Monday, August 25, 2008

Adopting a conservative ESX patching strategy

HP-UX system administrators are familiar with the two "patching strategies": conservative or aggressive. Needless to say that on the mission critical systems I manage, I've always adopted the conservative strategy. It's hard to get downtime to reboot anyway, so one might as well be sure that the patches work.

With my previous, lone ESX 2.x server, I almost never installed any patches since it was complicated; VMware simply didn't have any tool to make the inventory easy.

With ESX 3.5, up until now I've been delighted by VMotion and Update Manager's ease of use. It's now simple to patch ESX servers: simply use Update Manager, remediate your servers, and everything goes on unnoticed by the users. UM will download the patches on your VC server, put the server in maintenance mode, VMotion away any VM you could have on your server, then run esxupdate. It's simple, no questions asked.
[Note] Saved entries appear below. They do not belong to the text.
lemma xn_bounds_alpha_gt_1:
  assumes p: "0 < p" "p < 1" and \<alpha>: "1 < \<alpha>"
  shows "\<exists>C2>0. \<exists>C3>0. \<forall>n::nat. \<forall>t::real. n \<ge> 1 \<longrightarrow> \<bar>t\<bar> \<le> C2 * real n powr (1 / \<alpha>) \<longrightarrow>
           cmod (xn \<alpha> p n t) / real n \<le> 1 / 2
           \<and> cmod (xn \<alpha> p n t) \<le> C3 * \<bar>t\<bar> * real n powr ((\<alpha> - 1) / \<alpha>)"
proof -
  define D where "D = rr p powr (1 / \<alpha>) * p / (1 - rr p powr (1 / \<alpha>) * (1 - p))"
  have "rr p powr (1 / \<alpha>) * (1 - p) < 1"
    using rr_gt_1[OF p] \<alpha> by (simp add: rr_powr_mult_one_minus[OF p] powr_less_one)
  then have "D > 0"
    using p rr_gt_1[OF p] unfolding D_def by (intro divide_pos_pos mult_pos_pos) auto
  moreover have "cmod (chf \<alpha> p s - 1) \<le> D * \<bar>s\<bar> powr 1" for s
    using norm_chf_minus_one_le_linear[OF p \<alpha>] unfolding D_def by simp
  ultimately obtain C2 where "C2 > 0" and bounds: "\<forall>n::nat. \<forall>t::real. n \<ge> 1 \<longrightarrow> \<bar>t\<bar> \<le> C2 * real n powr (1 / \<alpha>) \<longrightarrow>
      cmod (xn \<alpha> p n t) / real n \<le> 1 / 2
      \<and> cmod (xn \<alpha> p n t) \<le> D * \<bar>t\<bar> powr 1 * real n powr (1 - 1 / \<alpha>)"
    using xn_bounds[of \<alpha> 1 D p] \<alpha> by (metis less_trans zero_less_one)
  moreover have "1 - 1 / \<alpha> = (\<alpha> - 1) / \<alpha>"
    using \<alpha> by (simp add: field_simps)
  ultimately have "\<forall>n::nat. \<forall>t::real. n \<ge> 1 \<longrightarrow> \<bar>t\<bar> \<le> C2 * real n powr (1 / \<alpha>) \<longrightarrow>
      cmod (xn \<alpha> p n t) / real n \<le> 1 / 2
      \<and> cmod (xn \<alpha> p n t) \<le> D * \<bar>t\<bar> * real n powr ((\<alpha> - 1) / \<alpha>)"
    by simp
  with \<open>C2 > 0\<close> \<open>D > 0\<close> show ?thesis
    by blast
qed

theorem lemma3:
  shows "(\<forall>k::nat. \<forall>\<alpha>::real. \<forall>p::real.
            k \<ge> 2 \<longrightarrow> ((0 < \<alpha> \<and> \<alpha> < 1) \<or> (1 < \<alpha> \<and> \<alpha> < 2)) \<longrightarrow> 0 < p \<longrightarrow> p < 1 \<longrightarrow>
            (\<exists>C>0. \<forall>n::nat. \<forall>t::real. n \<ge> 1 \<longrightarrow>
               cmod (R1 \<alpha> p n k t) \<le> C * \<bar>t\<bar> ^ k / real n powr ((real k - \<alpha>) / \<alpha>)))
       \<and> (\<forall>\<alpha>::real. \<forall>p::real.
            ((0 < \<alpha> \<and> \<alpha> < 1) \<or> (1 < \<alpha> \<and> \<alpha> < 2)) \<longrightarrow> 0 < p \<longrightarrow> p < 1 \<longrightarrow>
            (\<exists>C2>0. \<exists>C3>0. \<forall>n::nat. \<forall>t::real. n \<ge> 1 \<longrightarrow> \<bar>t\<bar> \<le> C2 * real n powr (1 / \<alpha>) \<longrightarrow>
               cmod (xn \<alpha> p n t) / real n \<le> 1 / 2
               \<and> (\<alpha> < 1 \<longrightarrow> cmod (xn \<alpha> p n t) \<le> C3 * \<bar>t\<bar> powr \<alpha>)
               \<and> (1 < \<alpha> \<longrightarrow> cmod (xn \<alpha> p n t) \<le> C3 * \<bar>t\<bar> * real n powr ((\<alpha> - 1) / \<alpha>))))"
proof (intro conjI allI impI, goal_cases)
  case (1 k \<alpha> p)
  then have k: "k \<ge> 2" and \<alpha>: "0 < \<alpha>" "\<alpha> < 2" and p: "0 < p" "p < 1"
    by auto
  define C where "C = p / ((1 - p) * fact k * (1 - rr p powr (1 - real k / \<alpha>)))"
  have "1 - real k / \<alpha> < 0"
    using k \<alpha> by (simp add: field_simps)
  then have "rr p powr (1 - real k / \<alpha>) < 1"
    using rr_gt_1[OF p] by (rule powr_less_one[rotated])
  then have "C > 0"
    using p unfolding C_def by simp
  with norm_R1_le[OF k \<alpha> p] show ?case
    unfolding C_def[symmetric] by blast
next
  case (2 \<alpha> p)
  then have p: "0 < p" "p < 1" by auto
  from 2 consider "0 < \<alpha>" "\<alpha> < 1" | "1 < \<alpha>" by linarith
  then show ?case
  proof cases
    case 1
    then show ?thesis
      using xn_bounds_alpha_lt_1[OF p] by auto
  next
    case 2
    then show ?thesis
      using xn_bounds_alpha_gt_1[OF p] by auto
  qed
qed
That was until the ESX 3.5 Update 2 release.

Most ESX admins will know about the August 12th timebomb in this release. All of this while I was on vacation. Thank God nothing happened, had anyone shutdown a VM it would have been impossible to restart it. And I might has been paged while on vacation.

Needless to say that I spent some time fixing this. Had I waited a few weeks before applying this update, as I should have, I would have missed this unpleasent experience.

Experienced sysadmins will tell me you've been too aggressive. That's true. I was too excited by Update Manager with VMotion. I'll be more careful, now.

1 comment:

Anonymous said...

You have to choose where you are going to fight your battles. On the one hand if you go conservative you wind up facing bugs that have been fixed with future releases. If you are aggressive you run into new bugs. In the end where would you rather fight the battle?

For me I would rather fight the battle on the newest code base since most times moving to the newest code rev is the first step in a troubleshooting exercise anyway.

So this expeienced sysadmin would say you did the right thing, and this is just one of those time where you had a problem. Though now much of one based on your reporting....